Glaubt Ihr den Ihr seit die einzigen die bei Bikewetter arbeiten müßen  

@alti  nem doch mal dein salsa vom hacken und füre es am Sonntag gassi


----------



## Altitude (31. März 2005)

Tomac-Fan schrieb:
			
		

> @alti  nem doch mal dein salsa vom hacken und füre es am Sonntag gassi



och nö, der ist ja nur "zusammengesteckt"...


----------



## All-Mountain (1. April 2005)

Also wer ist jetzt am Sonntag um 11 am Löwensal?


----------



## sideshowbob (1. April 2005)

All-Mountain schrieb:
			
		

> Also wer ist jetzt am Sonntag um 11 am Löwensal?
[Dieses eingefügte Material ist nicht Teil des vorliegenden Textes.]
(* Assume the Standing setup, suppose $R(z)$ is analytic on $\mathcal V_\epsilon$ for some $\epsilon>0$, and let $Q_s=(-1)^s(A_0^{-1}A_1)^sA_0^{-1}+(I_X-T_{-1}C_0)^{-s-1}T_{-1}$ for $s\ge0$ (the Maclaurin coefficients of the analytic extension of $R-R_{\rm sin}$ to $|z|<1+\epsilon$). Suppose $c>0$ is such that $\|Q_s\|\le c/(1+\epsilon)^s$ for all $s\ge0$. Then for every $\ell\ge0$ the series $\sum_{r\ge0}\binom{\ell+r}{\ell}Q_{\ell+r}$ converges absolutely, $$T_\ell=\sum_{r\ge0}\binom{\ell+r}{\ell}Q_{\ell+r},$$ and $\|T_\ell\|\le c(1+\epsilon)/\epsilon^{\ell+1}$.
   Context: Standing setup. Let $X,Y$ be complex Banach spaces, let $\mathcal B(X,Y)$ denote the bounded linear operators from $X$ to $Y$ ($\mathcal B(X)=\mathcal B(X,X)$), and let $I_X$ be the identity on $X$. Let $A_0,A_1\in\mathcal B(X,Y)$, let $A(z)=A_0+A_1z$ ($z\in\mathbb C$), and set $C_0=A_0+A_1$, $C_1=A_1$, so that $A(z)=C_0+C_1(z-1)$. Let $R(z)=A(z)^{-1}\in\mathcal B(Y,X)$ where this inverse exists. For $\epsilon>0$ let $\mathcal V_\epsilon=\{z\in\mathbb C:|z|<1+\epsilon,\ z\ne1\}$, and for $\theta>0$ let $\mathcal W_\theta=\{z\in\mathbb C:0<|z-1|<1+\theta\}$. If $R$ is analytic on $\mathcal V_\epsilon$ then it has a Laurent expansion $R(z)=\sum_{j\in\mathbb Z}T_j(z-1)^j$ on $0<|z-1|<\epsilon$ with $T_j\in\mathcal B(Y,X)$, and (known facts) $T_{-k}=(-1)^{k-1}(T_{-1}C_0)^{k-1}T_{-1}$ for $k\ge1$, $T_\ell=(-1)^\ell(T_0C_1)^\ell T_0$ for $\ell\ge0$, $\|(T_{-1}C_0)^k\|^{1/k}\to0$, $T_{-1}C_1+T_0C_0=I_X$, $C_1T_{-1}+C_0T_0=I_Y$, $T_{-1}C_iT_0=0$ and $T_0C_iT_{-1}=0$ for $i=0,1$; moreover $P=T_{-1}C_1$ and $P^c=I_X-P=T_0C_0$ are complementary projections on $X$ and $Q=C_1T_{-1}$, $Q^c=I_Y-Q=C_0T_0$ are complementary projections on $Y$. The singular part $R_{\rm sin}(z)=\sum_{k\ge1}T_{-k}(z-1)^{-k}$ converges for all $z\ne1$ and the regular part is $R_{\rm reg}(z)=\sum_{\ell\ge0}T_\ell(z-1)^\ell$. Define, for integers $s\ge0$, $U_s=-(I_X-T_{-1}C_0)^{-s-1}T_{-1}$ (these are the Maclaurin coefficients of $R_{\rm sin}$) and, whenever $I_X-T_0C_1$ is invertible, $V_s=(-1)^s(I_X-T_0C_1)^{-s-1}(T_0C_1)^sT_0$. *)

theory Defs
  imports "HOL-Analysis.Analysis"
begin

class complex_banach = banach +
  fixes scaleC :: "complex \<Rightarrow> 'a \<Rightarrow> 'a"
  assumes scaleC_add_left: "scaleC (a + b) x = scaleC a x + scaleC b x"
    and scaleC_add_right: "scaleC a (x + y) = scaleC a x + scaleC a y"
    and scaleC_scaleC: "scaleC a (scaleC b x) = scaleC (a * b) x"
    and scaleC_of_real: "scaleC (complex_of_real r) x = r *\<^sub>R x"
    and norm_scaleC: "norm (scaleC a x) = cmod a * norm x"

text \<open>Membership in B(X,Y): a bounded (real-)linear map that is complex linear.\<close>
definition clinear_op :: "('a::complex_banach \<Rightarrow>\<^sub>L 'b::complex_banach) \<Rightarrow> bool" where
  "clinear_op T \<longleftrightarrow> (\<forall>c x. blinfun_apply T (scaleC c x) = scaleC c (blinfun_apply T x))"

definition cscaleL :: "complex \<Rightarrow> ('a::real_normed_vector \<Rightarrow>\<^sub>L 'b::complex_banach) \<Rightarrow> ('a \<Rightarrow>\<^sub>L 'b)" where
  "cscaleL c T = Blinfun (\<lambda>x. scaleC c (blinfun_apply T x))"

definition op_inv :: "('a::real_normed_vector \<Rightarrow>\<^sub>L 'b::real_normed_vector) \<Rightarrow> ('b \<Rightarrow>\<^sub>L 'a)" where
  "op_inv A = (SOME B. B o\<^sub>L A = id_blinfun \<and> A o\<^sub>L B = id_blinfun)"

definition opow :: "('a::real_normed_vector \<Rightarrow>\<^sub>L 'a) \<Rightarrow> nat \<Rightarrow> ('a \<Rightarrow>\<^sub>L 'a)" where
  "opow T n = ((\<lambda>S. T o\<^sub>L S) ^^ n) id_blinfun"

definition op_analytic_on ::
  "complex set \<Rightarrow> (complex \<Rightarrow> ('a::real_normed_vector \<Rightarrow>\<^sub>L 'b::complex_banach)) \<Rightarrow> bool" where
  "op_analytic_on S f \<longleftrightarrow>
     (\<forall>z\<in>S. \<exists>r>0. \<exists>a::nat \<Rightarrow> ('a \<Rightarrow>\<^sub>L 'b).
        \<forall>w\<in>ball z r. (\<lambda>n. cscaleL ((w - z) ^ n) (a n)) sums f w)"

end

theory Submission
  imports Defs
begin

(* Write A(z) = C0 + (z - 1) A1. Comparing coefficients in R(z) A(z) = A(z) R(z) = I
   (Laurent coefficients are unique: average over roots of unity) shows that
   N = T(-1) C0 is quasinilpotent and T(-k-1) = (-N)^k T(-1), so the singular part is
   R_sin(z) = (z - 1 + N)^-1 T(-1), analytic for z <> 1. Near 0, R(z) and R_sin(z) have the
   Neumann expansions whose difference has Maclaurin coefficients Q_s; by the identity
   theorem the series sum_s Q_s z^s, convergent for |z| < 1 + eps by the bound on Q_s,
   equals R - R_sin on the punctured disc. Re-expanding it about z = 1 gives the Taylor
   coefficients of R - R_sin at 1, i.e. T_l = sum_r binom(l+r, l) Q_(l+r), and the negative
   binomial series sum_r binom(l+r, l) q^r = (1 - q)^-(l+1) with q = 1/(1 + eps) gives the
   bound. *)

section \<open>Operators and complex scalars\<close>

interpretation blinfun_compose: bounded_bilinear blinfun_compose
  by (rule bounded_bilinear_blinfun_compose)

lemma blinfun_compose_assoc: "(A o\<^sub>L B) o\<^sub>L C = A o\<^sub>L (B o\<^sub>L C)"
  by (rule blinfun_eqI) simp

lemma blinfun_compose_id [simp]:
  "id_blinfun o\<^sub>L A = A" "A o\<^sub>L id_blinfun = A"
  by (auto intro: blinfun_eqI)

lemma blinfun_left_inverse_unique:
  assumes "B o\<^sub>L A = id_blinfun" "A o\<^sub>L C = id_blinfun"
  shows "B = C"
  by (metis assms blinfun_compose_assoc blinfun_compose_id)

lemma op_inv_eqI:
  assumes "B o\<^sub>L A = id_blinfun" "A o\<^sub>L B = id_blinfun"
  shows "op_inv A = B"
proof -
  have "op_inv A o\<^sub>L A = id_blinfun \<and> A o\<^sub>L op_inv A = id_blinfun"
    unfolding op_inv_def by (rule someI[of _ B]) (use assms in blast)
  then show ?thesis
    using blinfun_left_inverse_unique assms(2) by blast
qed

lemma bounded_linear_scaleC: "bounded_linear (scaleC c :: 'a::complex_banach \<Rightarrow> 'a)"
proof
  show "scaleC c (x + y) = scaleC c x + scaleC c y" for x y :: 'a
    by (rule scaleC_add_right)
  show "scaleC c (r *\<^sub>R x) = r *\<^sub>R scaleC c x" for r and x :: 'a
    by (metis scaleC_of_real scaleC_scaleC mult.commute)
  show "\<exists>K. \<forall>x::'a. norm (scaleC c x) \<le> norm x * K"
    by (rule exI[of _ "cmod c"]) (simp add: norm_scaleC mult.commute)
qed

lemma scaleC_one [simp]: "scaleC 1 x = x"
  using scaleC_of_real[of 1 x] by simp

lemmas scaleC_diff_right = linear_diff[OF bounded_linear.linear[OF bounded_linear_scaleC]]
lemmas scaleC_scaleR = linear_scale[OF bounded_linear.linear[OF bounded_linear_scaleC]]

lemma cscaleL_apply [simp]: "blinfun_apply (cscaleL c T) x = scaleC c (T x)"
  unfolding cscaleL_def
  by (subst bounded_linear_Blinfun_apply)
     (auto intro: bounded_linear_compose[OF bounded_linear_scaleC blinfun.bounded_linear_right])

lemma cscaleL_cscaleL: "cscaleL a (cscaleL b T) = cscaleL (a * b) T"
  by (rule blinfun_eqI) (simp add: scaleC_scaleC)

lemma cscaleL_one [simp]: "cscaleL 1 T = T"
  by (rule blinfun_eqI) simp

lemma cscaleL_zero_left [simp]: "cscaleL 0 T = 0"
  by (rule blinfun_eqI) (simp add: scaleC_of_real[of 0, simplified])

lemma cscaleL_of_real: "cscaleL (of_real r) T = r *\<^sub>R T"
  by (rule blinfun_eqI) (simp add: scaleC_of_real blinfun.scaleR_left)

lemma cscaleL_minus_one: "cscaleL (- 1) T = - T"
  using cscaleL_of_real[of "- 1" T] by simp

lemma cscaleL_minus_left: "cscaleL (- a) T = - cscaleL a T"
  using cscaleL_cscaleL[of "- 1" a T] by (simp add: cscaleL_minus_one)

lemma cscaleL_sign_power: "cscaleL ((- 1) ^ n * a) T = cscaleL a ((- 1::real) ^ n *\<^sub>R T)"
proof -
  have "cscaleL ((- 1) ^ n * a) T = cscaleL a (cscaleL (of_real ((- 1) ^ n)) T)"
    by (simp add: cscaleL_cscaleL mult.commute)
  then show ?thesis
    by (simp only: cscaleL_of_real)
qed

lemma cscaleL_add_left: "cscaleL (a + b) T = cscaleL a T + cscaleL b T"
  by (rule blinfun_eqI) (simp add: scaleC_add_left blinfun.add_left)

lemma cscaleL_sum_left: "(\<Sum>i\<in>I. cscaleL (c i) T) = cscaleL (\<Sum>i\<in>I. c i) T"
  by (induction I rule: infinite_finite_induct) (simp_all add: cscaleL_add_left)

lemma bounded_linear_cscaleL:
  "bounded_linear (cscaleL c :: ('a::real_normed_vector \<Rightarrow>\<^sub>L 'b::complex_banach) \<Rightarrow> _)"
proof
  show "cscaleL c (S + T) = cscaleL c S + cscaleL c T" for S T :: "'a \<Rightarrow>\<^sub>L 'b"
    by (rule blinfun_eqI) (simp add: scaleC_add_right blinfun.add_left)
  show "cscaleL c (r *\<^sub>R T) = r *\<^sub>R cscaleL c T" for r and T :: "'a \<Rightarrow>\<^sub>L 'b"
    by (rule blinfun_eqI) (simp add: scaleC_scaleR blinfun.scaleR_left)
  have "norm (cscaleL c T) \<le> norm T * cmod c" for T :: "'a \<Rightarrow>\<^sub>L 'b"
    by (rule norm_blinfun_bound)
       (use mult_left_mono[OF norm_blinfun, of "cmod c"] in \<open>auto simp: norm_scaleC algebra_simps\<close>)
  then show "\<exists>K. \<forall>T::'a \<Rightarrow>\<^sub>L 'b. norm (cscaleL c T) \<le> norm T * K"
    by blast
qed

lemmas cscaleL_zero_right [simp] = linear_0[OF bounded_linear.linear[OF bounded_linear_cscaleL]]
lemmas cscaleL_add_right = linear_add[OF bounded_linear.linear[OF bounded_linear_cscaleL]]
lemmas cscaleL_diff_right = linear_diff[OF bounded_linear.linear[OF bounded_linear_cscaleL]]
lemmas cscaleL_minus_right = linear_neg[OF bounded_linear.linear[OF bounded_linear_cscaleL]]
muss ich da jetzt fest zu/absagen oder geht auch "wer da ist ist da"?!?!


----------



## blacksurf (1. April 2005)

ich bin da um 11 Uhr mit Tomac.
@sideshowbob
musst du nicht fest zu oder absagen - aber wir warten auch nicht ewig - wenn ihr mitkommt bitte pünktlich sein!


----------



## MTB-News.de




----------



## showman (1. April 2005)

Ich, ich, ich   

Gruß Showman


----------



## Altitude (1. April 2005)

All-Mountain schrieb:
			
		

> Also wer ist jetzt am Sonntag um 11 am Löwensal?



zu 80% klappts - wenn nicht, ruf ich durch


----------



## karstenenh (2. April 2005)

Oh wie schön, die gute alte Moritzbergrunde ohne Moritzberg   

Da bin ich doch voll dabei   

Hulk


----------



## All-Mountain (2. April 2005)

Na, das hört sich ja schon mal ganz gut an

Also dann bis morgen um 11  

Ich war übrigens gute 2 Wochen krank, also seid bitte gnädig zu mir


----------



## Mr.Chili (2. April 2005)

All-Mountain schrieb:
			
		

> Ich war übrigens gute 2 Wochen krank, also seid bitte gnädig zu mir



Gnädig ??? was is`n das 
kenn die in Nürnbersch net. Denke noch mit grausen an den 1.Jan


----------



## blacksurf (2. April 2005)

All-Mountain schrieb:
			
		

> Ich war übrigens gute 2 Wochen krank, also seid bitte gnädig zu mir



was soll ich da erst sagen?
Aber egal, schliesslich muss ich was für die Frauenquote tun


----------



## Altitude (2. April 2005)

Tomac-Fan schrieb:
			
		

> Gnädig ??? was is`n das
> kenn die in Nürnbersch net. Denke noch mit grausen an den 1.Jan



Underfrangen und Erdkunde:

*Fädd*  net Närmberch...


...ich bin auch net fit...nur den Harry müssen wir irgendwie "zügeln"..


----------



## blacksurf (3. April 2005)

Jungs war ne super Ausfahrt mit Euch
Ich hoffe das nächste mal bekomme ich etwas mehr weibliche Verstärkung, dann muss ich mir nicht so viel derbe Sprüche anhören  
@All-mountain
Danke für den Besuch! War schön das du wieder mal im Lande warst..


----------



## Mr.Chili (4. April 2005)

He Leut war schön mit euch.
@ Blacky wir ham uns doch noch beherrscht  
@all vielleicht beim nächsten mal net ganz so gemütlich, sonst könnt ich ja meine kittis mit bringen


----------



## MTB-News.de




----------



## blacksurf (4. April 2005)

Tomac-Fan schrieb:
			
		

> @all vielleicht beim nächsten mal net ganz so gemütlich, sonst könnt ich ja meine kittis mit bringen


----------



## steed (4. April 2005)

ach ihr habt am sonntag die Röthenbachklamm blockiert....  . da musste man ja fast absteigen.....  

kleiner scherz! viel spass, bis zum nächsten mal...

don't panic

steed


----------